Connect with us

Politics

China reportedly pressured Didi to be delisted from NYSE

China reportedly pressured Didi to be delisted from NYSE

qq

 


Chinese regulators have pressured top executives at running giant Didi to come up with a plan to delist from the New York Stock Exchange over concerns over data security, two people with knowledge of the matter told Reuters. the subject.

The powerful Chinese Cyberspace Administration (CAC) has asked management to take the company off the U.S. stock exchange over concerns over the leak of sensitive data, one of the people said.

He also wants the rideshare giant to promise to fix the delisting issue within a certain time frame, the person said.

The cyberspace regulator said, according to the person, the prerequisite for relaunching Didi’s ridesharing and other apps in China is that the company must agree to pull out of New York.

Proposals under consideration include direct privatization or a second listing in Hong Kong followed by delisting from the United States, the person said.

In July, the ACC ordered app stores to remove 25 mobile apps operated by Didi – just days after the company was listed in New York. He also told Didi to stop registering new users, citing national security and the public interest.
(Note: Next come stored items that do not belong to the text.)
(* Let $W$ be a finite-dimensional irreducible $H'_n(m)$-module and $\alpha,\beta\in\mathbb C^n$. Then $(\pi_{\alpha,\beta},L(W))$ is an irreducible $A_n(m)\rtimes H_n(m)$-module.
   Context: $n=2k$, $\bar\Gamma=m_1\mathbb Z\oplus\dots\oplus m_n\mathbb Z$, $A_n(m)=\mathbb C[t_1^{\pm m_1},\dots,t_n^{\pm m_n}]$ with monomials $t^r$, $r\in\bar\Gamma$. $(\cdot,\cdot)$ is the standard bilinear form on $\mathbb C^n$, $\bar r=(r_{k+1},\dots,r_{2k},-r_1,\dots,-r_k)$, $d_i=t_i\partial_{t_i}$, $D(u,r)=\sum_iu_it^rd_i$. $H_n(m)=\mathrm{span}\{d_i,\ h_r=D(\bar r,r): r\in\bar\Gamma\}$, a Lie algebra of derivations of $A_n(m)$, and $A_n(m)\rtimes H_n(m)$ is the semidirect product with $A_n(m)$ abelian and $[D(u,r),t^s]=(u,s)t^{r+s}$. $I(\bar r,r)=D(\bar r,r)-D(\bar r,0)$ and $H'_n(m)=\mathrm{span}\{I(\bar r,r):r\in\bar\Gamma\}$, a Lie subalgebra of $H_n(m)$. For an $H'_n(m)$-module $W$ and $\alpha,\beta\in\mathbb C^n$, $L(W)=W\otimes A_n(m)$ with action $D(\bar r,r)(w\otimes t^s)=(I(\bar r,r)w)\otimes t^{r+s}+(\bar r,\beta+s)w\otimes t^{r+s}$ ($0\ne r$), $D(u,0)(w\otimes t^s)=(u,\alpha+s)w\otimes t^s$, $t^r(w\otimes t^s)=w\otimes t^{r+s}$; this module is denoted $(\pi_{\alpha,\beta},L(W))$. *)

theory Defs
  imports Complex_Main
begin

text \<open>Coordinates are indexed 0..n-1 (n = 2k); a lattice vector
  r in Z^n is a function nat => int vanishing at indices >= n.
  Vectors in C^n (alpha, beta, u) are functions nat => complex (only indices < n matter).\<close>

definition vadd :: "(nat \<Rightarrow> int) \<Rightarrow> (nat \<Rightarrow> int) \<Rightarrow> (nat \<Rightarrow> int)" where
  "vadd r s = (\<lambda>i. r i + s i)"

definition vsub :: "(nat \<Rightarrow> int) \<Rightarrow> (nat \<Rightarrow> int) \<Rightarrow> (nat \<Rightarrow> int)" where
  "vsub r s = (\<lambda>i. r i - s i)"

definition ci :: "(nat \<Rightarrow> int) \<Rightarrow> (nat \<Rightarrow> complex)" where
  "ci r = (\<lambda>i. of_int (r i))"

definition Gam :: "nat \<Rightarrow> (nat \<Rightarrow> int) \<Rightarrow> (nat \<Rightarrow> int) set" where
  "Gam n m = {r. (\<forall>i<n. m i dvd r i) \<and> (\<forall>i\<ge>n. r i = 0)}"

definition vbar :: "nat \<Rightarrow> (nat \<Rightarrow> int) \<Rightarrow> (nat \<Rightarrow> int)" where
  "vbar k r = (\<lambda>i. if i < k then r (k + i) else if i < 2 * k then - r (i - k) else 0)"

definition bf :: "nat \<Rightarrow> (nat \<Rightarrow> complex) \<Rightarrow> (nat \<Rightarrow> complex) \<Rightarrow> complex" where
  "bf n u v = (\<Sum>i<n. u i * v i)"

definition unitv :: "nat \<Rightarrow> (nat \<Rightarrow> complex)" where
  "unitv i = (\<lambda>j. if j = i then 1 else 0)"

text \<open>H'_n(m) has basis I(r-bar,r), r in Gamma-bar minus 0 (and I(0,0) = 0), with
  [I_r, I_s] = (r-bar,s)(I_{r+s} - I_r - I_s).  A module structure on a complex vector
  space W is given by the action rho r of I(r-bar,r) for r in Gamma-bar.\<close>
definition Hprime_module ::
  "nat \<Rightarrow> (nat \<Rightarrow> int) \<Rightarrow> (complex \<Rightarrow> 'w::ab_group_add \<Rightarrow> 'w) \<Rightarrow> ((nat \<Rightarrow> int) \<Rightarrow> 'w \<Rightarrow> 'w) \<Rightarrow> bool" where
  "Hprime_module k m scale \<rho> \<longleftrightarrow>
     vector_space scale \<and>
     (\<forall>r\<in>Gam (2*k) m. Vector_Spaces.linear scale scale (\<rho> r)) \<and>
     \<rho> (\<lambda>_. 0) = (\<lambda>_. 0) \<and>
     (\<forall>r\<in>Gam (2*k) m. \<forall>s\<in>Gam (2*k) m. \<forall>w.
        \<rho> r (\<rho> s w) - \<rho> s (\<rho> r w) =
        scale (bf (2*k) (ci (vbar k r)) (ci s)) (\<rho> (vadd r s) w - \<rho> r w - \<rho> s w))"

definition finite_dim :: "(complex \<Rightarrow> 'w::ab_group_add \<Rightarrow> 'w) \<Rightarrow> bool" where
  "finite_dim scale \<longleftrightarrow> (\<exists>B. finite B \<and> module.span scale B = UNIV)"

definition irreducible_Hp ::
  "nat \<Rightarrow> (nat \<Rightarrow> int) \<Rightarrow> (complex \<Rightarrow> 'w::ab_group_add \<Rightarrow> 'w) \<Rightarrow> ((nat \<Rightarrow> int) \<Rightarrow> 'w \<Rightarrow> 'w) \<Rightarrow> bool" where
  "irreducible_Hp k m scale \<rho> \<longleftrightarrow>
     (\<exists>w::'w. w \<noteq> 0) \<and>
     (\<forall>U. module.subspace scale U \<and> (\<forall>r\<in>Gam (2*k) m. \<rho> r ` U \<subseteq> U)
            \<longrightarrow> U = {0} \<or> U = UNIV)"

text \<open>W \<otimes> A_n(m) is identified with finitely supported functions Gamma-bar \<rightarrow> W:
  f corresponds to sum_s f(s) \<otimes> t^s.\<close>
definition LW :: "nat \<Rightarrow> (nat \<Rightarrow> int) \<Rightarrow> ((nat \<Rightarrow> int) \<Rightarrow> 'w::zero) set" where
  "LW n m = {f. finite {s. f s \<noteq> 0} \<and> {s. f s \<noteq> 0} \<subseteq> Gam n m}"

definition fadd :: "('a \<Rightarrow> 'w::plus) \<Rightarrow> ('a \<Rightarrow> 'w) \<Rightarrow> ('a \<Rightarrow> 'w)" where
  "fadd f g = (\<lambda>s. f s + g s)"

definition fsub :: "('a \<Rightarrow> 'w::minus) \<Rightarrow> ('a \<Rightarrow> 'w) \<Rightarrow> ('a \<Rightarrow> 'w)" where
  "fsub f g = (\<lambda>s. f s - g s)"

definition fscale :: "(complex \<Rightarrow> 'w \<Rightarrow> 'w) \<Rightarrow> complex \<Rightarrow> ('a \<Rightarrow> 'w) \<Rightarrow> ('a \<Rightarrow> 'w)" where
  "fscale scale c f = (\<lambda>s. scale c (f s))"

text \<open>Action of t^r: w \<otimes> t^s \<mapsto> w \<otimes> t^{r+s}.\<close>
definition tact :: "(nat \<Rightarrow> int) \<Rightarrow> ((nat \<Rightarrow> int) \<Rightarrow> 'w) \<Rightarrow> ((nat \<Rightarrow> int) \<Rightarrow> 'w)" where
  "tact r f = (\<lambda>s. f (vsub s r))"

text \<open>Action of D(u,0): w \<otimes> t^s \<mapsto> (u, alpha + s) w \<otimes> t^s.\<close>
definition dact :: "(complex \<Rightarrow> 'w \<Rightarrow> 'w) \<Rightarrow> nat \<Rightarrow> (nat \<Rightarrow> complex) \<Rightarrow> (nat \<Rightarrow> complex)
     \<Rightarrow> ((nat \<Rightarrow> int) \<Rightarrow> 'w) \<Rightarrow> ((nat \<Rightarrow> int) \<Rightarrow> 'w)" where
  "dact scale n \<alpha> u f = (\<lambda>s. scale (bf n u (\<lambda>i. \<alpha> i + of_int (s i))) (f s))"

text \<open>Action of h_r = D(r-bar,r), r \<noteq> 0:
  w \<otimes> t^s \<mapsto> (I(r-bar,r) w) \<otimes> t^{r+s} + (r-bar, beta + s) w \<otimes> t^{r+s};  h_0 = 0.\<close>
definition hact :: "(complex \<Rightarrow> 'w::ab_group_add \<Rightarrow> 'w) \<Rightarrow> nat \<Rightarrow> ((nat \<Rightarrow> int) \<Rightarrow> 'w \<Rightarrow> 'w)
     \<Rightarrow> (nat \<Rightarrow> complex) \<Rightarrow> (nat \<Rightarrow> int) \<Rightarrow> ((nat \<Rightarrow> int) \<Rightarrow> 'w) \<Rightarrow> ((nat \<Rightarrow> int) \<Rightarrow> 'w)" where
  "hact scale k \<rho> \<beta> r f =
     (if r = (\<lambda>_. 0) then (\<lambda>_. 0)
      else (\<lambda>s. \<rho> r (f (vsub s r))
              + scale (bf (2*k) (ci (vbar k r)) (\<lambda>i. \<beta> i + of_int (vsub s r i))) (f (vsub s r))))"

text \<open>Module over A_n(m) \<rtimes> H_n(m): this Lie algebra has basis t^r (r in Gamma-bar),
  d_i (i < n), h_r (r in Gamma-bar minus 0), with brackets
  [t^r,t^s] = 0, [d_i,t^s] = s_i t^s, [h_r,t^s] = (r-bar,s) t^{r+s},
  [d_i,d_j] = 0, [d_i,h_r] = r_i h_r, [h_r,h_s] = (r-bar,s) h_{r+s} (h_0 = 0).\<close>
definition lin_op :: "(complex \<Rightarrow> 'w::ab_group_add \<Rightarrow> 'w) \<Rightarrow> ('a \<Rightarrow> 'w) set
     \<Rightarrow> (('a \<Rightarrow> 'w) \<Rightarrow> ('a \<Rightarrow> 'w)) \<Rightarrow> bool" where
  "lin_op scale C A \<longleftrightarrow> (\<forall>f\<in>C. A f \<in> C) \<and>
     (\<forall>f\<in>C. \<forall>g\<in>C. A (fadd f g) = fadd (A f) (A g)) \<and>
     (\<forall>c. \<forall>f\<in>C. A (fscale scale c f) = fscale scale c (A f))"

definition AH_module ::
  "nat \<Rightarrow> (nat \<Rightarrow> int) \<Rightarrow> (complex \<Rightarrow> 'w::ab_group_add \<Rightarrow> 'w) \<Rightarrow> ((nat \<Rightarrow> int) \<Rightarrow> 'w \<Rightarrow> 'w)
     \<Rightarrow> (nat \<Rightarrow> complex) \<Rightarrow> (nat \<Rightarrow> complex) \<Rightarrow> bool" where
  "AH_module k m scale \<rho> \<alpha> \<beta> \<longleftrightarrow>
    (let n = 2*k; C = LW n m; G = Gam n m;
         T = tact; D = (\<lambda>i. dact scale n \<alpha> (unitv i)); H = hact scale k \<rho> \<beta>;
         pr = (\<lambda>r s. bf n (ci (vbar k r)) (ci s)) in
      (\<forall>r\<in>G. lin_op scale C (T r)) \<and> (\<forall>i<n. lin_op scale C (D i)) \<and>
      (\<forall>r\<in>G. lin_op scale C (H r)) \<and>
      (\<forall>f\<in>C. \<forall>r\<in>G. \<forall>s\<in>G. \<forall>i<n. \<forall>j<n.
         T r (T s f) = T s (T r f) \<and>
         fsub (D i (T s f)) (T s (D i f)) = fscale scale (of_int (s i)) (T s f) \<and>
         fsub (H r (T s f)) (T s (H r f)) = fscale scale (pr r s) (T (vadd r s) f) \<and>
         D i (D j f) = D j (D i f) \<and>
         fsub (D i (H r f)) (H r (D i f)) = fscale scale (of_int (r i)) (H r f) \<and>
         fsub (H r (H s f)) (H s (H r f)) = fscale scale (pr r s) (H (vadd r s) f)))"

definition irreducible_AH ::
  "nat \<Rightarrow> (nat \<Rightarrow> int) \<Rightarrow> (complex \<Rightarrow> 'w::ab_group_add \<Rightarrow> 'w) \<Rightarrow> ((nat \<Rightarrow> int) \<Rightarrow> 'w \<Rightarrow> 'w)
     \<Rightarrow> (nat \<Rightarrow> complex) \<Rightarrow> (nat \<Rightarrow> complex) \<Rightarrow> bool" where
  "irreducible_AH k m scale \<rho> \<alpha> \<beta> \<longleftrightarrow>
    (let n = 2*k; C = LW n m; G = Gam n m; z = (\<lambda>_. 0) in
      C \<noteq> {z} \<and>
      (\<forall>U. U \<subseteq> C \<and> z \<in> U \<and> (\<forall>f\<in>U. \<forall>g\<in>U. fadd f g \<in> U) \<and>
           (\<forall>c. \<forall>f\<in>U. fscale scale c f \<in> U) \<and>
           (\<forall>r\<in>G. tact r ` U \<subseteq> U) \<and>
           (\<forall>i<n. dact scale n \<alpha> (unitv i) ` U \<subseteq> U) \<and>
           (\<forall>r\<in>G. hact scale k \<rho> \<beta> r ` U \<subseteq> U)
         \<longrightarrow> U = {z} \<or> U = C))"

end

theory Submission
  imports Defs
begin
Didi logo displayed on a smartphone with an illustrative stock market chart as a background in a photo illustration
The prerequisite for relaunching Didi’s ridesharing apps and other apps in China is for the company to agree to delist from New York’s list, sources told Reuters.
NurPhoto via Getty Images

Reuters reported earlier this month that Didi was preparing to relaunch its applications in the country by the end of the year in anticipation that Beijing’s cybersecurity investigation into the company would be completed by then, citing sources directly involved in the recovery.

Neither Didi nor the ACC responded to Reuters requests for comment.
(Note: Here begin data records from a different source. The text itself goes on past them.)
(* Let $X$ be a Banach space with a closed subspace $Z$ such that $Z$ and $X/Z$ are SCD spaces. Then $X$ is an SCD space.
   Context: A slice of a convex bounded set $A$ in a Banach space is $S(A,x^*,\varepsilon)=\{x\in A:\ \mathrm{Re}\,x^*(x)>\sup\mathrm{Re}\,x^*(A)-\varepsilon\}$ with $x^*$ in the dual and $\varepsilon>0$. A convex bounded $A$ is an SCD set if there is a sequence $(S_n)$ of slices of $A$ such that $A\subseteq\overline{\mathrm{conv}}(B)$ for every $B\subseteq A$ intersecting every $S_n$. A separable Banach space is an SCD space if every convex bounded subset of it is an SCD set. *)

theory Defs
  imports "HOL-Analysis.Analysis"
begin

definition dual_functional_on :: "'a::real_normed_vector set \<Rightarrow> ('a \<Rightarrow> real) \<Rightarrow> bool" where
  "dual_functional_on S f \<longleftrightarrow>
     (\<forall>x\<in>S. \<forall>y\<in>S. f (x + y) = f x + f y) \<and>
     (\<forall>x\<in>S. \<forall>c::real. f (c *\<^sub>R x) = c * f x) \<and>
     (\<exists>K. \<forall>x\<in>S. \<bar>f x\<bar> \<le> K * norm x)"

definition slice :: "'a set \<Rightarrow> ('a \<Rightarrow> real) \<Rightarrow> real \<Rightarrow> 'a set" where
  "slice A f \<epsilon> = {x \<in> A. f x > Sup (f ` A) - \<epsilon>}"

definition SCD_set_in :: "'a::real_normed_vector set \<Rightarrow> 'a set \<Rightarrow> bool" where
  "SCD_set_in S A \<longleftrightarrow>
     (\<exists>f :: nat \<Rightarrow> 'a \<Rightarrow> real. \<exists>\<epsilon> :: nat \<Rightarrow> real.
        (\<forall>n. dual_functional_on S (f n) \<and> \<epsilon> n > 0) \<and>
        (\<forall>B. B \<subseteq> A \<longrightarrow> (\<forall>n. B \<inter> slice A (f n) (\<epsilon> n) \<noteq> {}) \<longrightarrow>
              A \<subseteq> closure (convex hull B)))"

definition SCD_space_on :: "'a::real_normed_vector set \<Rightarrow> bool" where
  "SCD_space_on S \<longleftrightarrow>
     separable_space (top_of_set S) \<and>
     (\<forall>A. A \<subseteq> S \<longrightarrow> convex A \<longrightarrow> bounded A \<longrightarrow> SCD_set_in S A)"

abbreviation SCD_space :: "'a::real_normed_vector itself \<Rightarrow> bool" where
  "SCD_space _ \<equiv> SCD_space_on (UNIV :: 'a set)"

end

theory Submission
  imports Defs
begin

(* Let A be a convex bounded subset of X. For d in a countable dense set, R > 0 rational and
   an SCD slice sequence H_m of the convex bounded set E = {z \<in> Z. dist (d + z) A < R} (extended
   to X by Hahn-Banach), the quotient images of the parts {x \<in> A. \<theta> + H_m d < H_m x} (\<theta> rational)
   are SCD in X/Z with slices g_k. This yields countably many sets, each defined by two
   functionals H_m and g_k \<circ> Q. By Bourgain's lemma in the plane, each of them is met by the convex
   hull of any subset of A meeting finitely many suitable slices of A; and a convex C \<subseteq> A meeting
   all of them is dense in A: lifting approximations from X/Z through the quotient norm shows that
   {z \<in> Z. dist (d + z) C < R} meets every slice H_m of E, so it has 0 in its closure and C comes
   within 2R of d. *)

section \<open>Hahn-Banach extension\<close>

(* A maximal (Zorn) graph of a linear extension of h dominated by K * norm is total. *)
definition dominated_graph :: "real \<Rightarrow> 'a::real_normed_vector set \<Rightarrow> ('a \<Rightarrow> real) \<Rightarrow> ('a \<times> real) set \<Rightarrow> bool" where
  "dominated_graph K Z h G \<longleftrightarrow>
     subspace G \<and> (\<forall>(x, r)\<in>G. r \<le> K * norm x) \<and> (\<forall>z\<in>Z. (z, h z) \<in> G)"

lemma dominated_graph_functional:
  assumes "dominated_graph K Z h G" "(x, r) \<in> G" "(x, s) \<in> G"
  shows "r = s"
proof -
  have sub: "subspace G" and dom: "\<And>x r. (x, r) \<in> G \<Longrightarrow> r \<le> K * norm x"
    using assms(1) unfolding dominated_graph_def by auto
  have "(0, r - s) \<in> G" using subspace_diff[OF sub assms(2,3)] by simp
  moreover have "(0, s - r) \<in> G" using subspace_diff[OF sub assms(3,2)] by simp
  ultimately show ?thesis using dom[of 0 "r - s"] dom[of 0 "s - r"] by simp
qed

lemma dominated_graph_gap:
  assumes "dominated_graph K Z h G" "K \<ge> 0"
  obtains c where "\<And>m r. (m, r) \<in> G \<Longrightarrow> r - K * norm (m - x0) \<le> c"
    and "\<And>m r. (m, r) \<in> G \<Longrightarrow> c \<le> K * norm (m + x0) - r"
proof -
  have sub: "subspace G" and dom: "\<And>x r. (x, r) \<in> G \<Longrightarrow> r \<le> K * norm x"
    using assms(1) unfolding dominated_graph_def by auto
  have key: "r1 - K * norm (m1 - x0) \<le> K * norm (m2 + x0) - r2"
    if "(m1, r1) \<in> G" "(m2, r2) \<in> G" for m1 r1 m2 r2
  proof -
    have "r1 + r2 \<le> K * norm (m1 + m2)" using dom subspace_add[OF sub that] by simp
    also have "\<dots> \<le> K * (norm (m1 - x0) + norm (m2 + x0))"
      using norm_triangle_ineq[of "m1 - x0" "m2 + x0"] assms(2) by (simp add: mult_left_mono)
    finally show ?thesis by (simp add: algebra_simps)
  qed
  define S where "S = (\<lambda>(m, r). r - K * norm (m - x0)) ` G"
  have "(0, 0) \<in> G" using subspace_0[OF sub] by (simp add: zero_prod_def)
  then have ne: "S \<noteq> {}" and bdd: "bdd_above S"
    unfolding S_def bdd_above_def using key by fastforce+
  show ?thesis
  proof (rule that[of "Sup S"])
    fix m r assume "(m, r) \<in> G"
    then show "r - K * norm (m - x0) \<le> Sup S"
      using cSup_upper[OF _ bdd] unfolding S_def by force
    show "Sup S \<le> K * norm (m + x0) - r"
      using cSup_least[OF ne] key[OF _ \<open>(m, r) \<in> G\<close>] unfolding S_def by force
  qed
qed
The people refused to be identified because they were not authorized to speak to the media.

Didi Chairman Liu Qing (left) and Didi Cheng Wei CEO attend a D1 electric vehicle launch event on November 16, 2020 in Beijing, China.
Shares of Didi, led by chairman Liu Qing (left) and CEO Cheng Wei have fallen 42% since its IPO in June 2021.
VCG via Getty Images

Bloomberg first reported on Friday regulators’ request to delist Didi. Shares of investors Didi SoftBank and Tencent fell more than 5% and 3.1%, respectively, as a result of the report.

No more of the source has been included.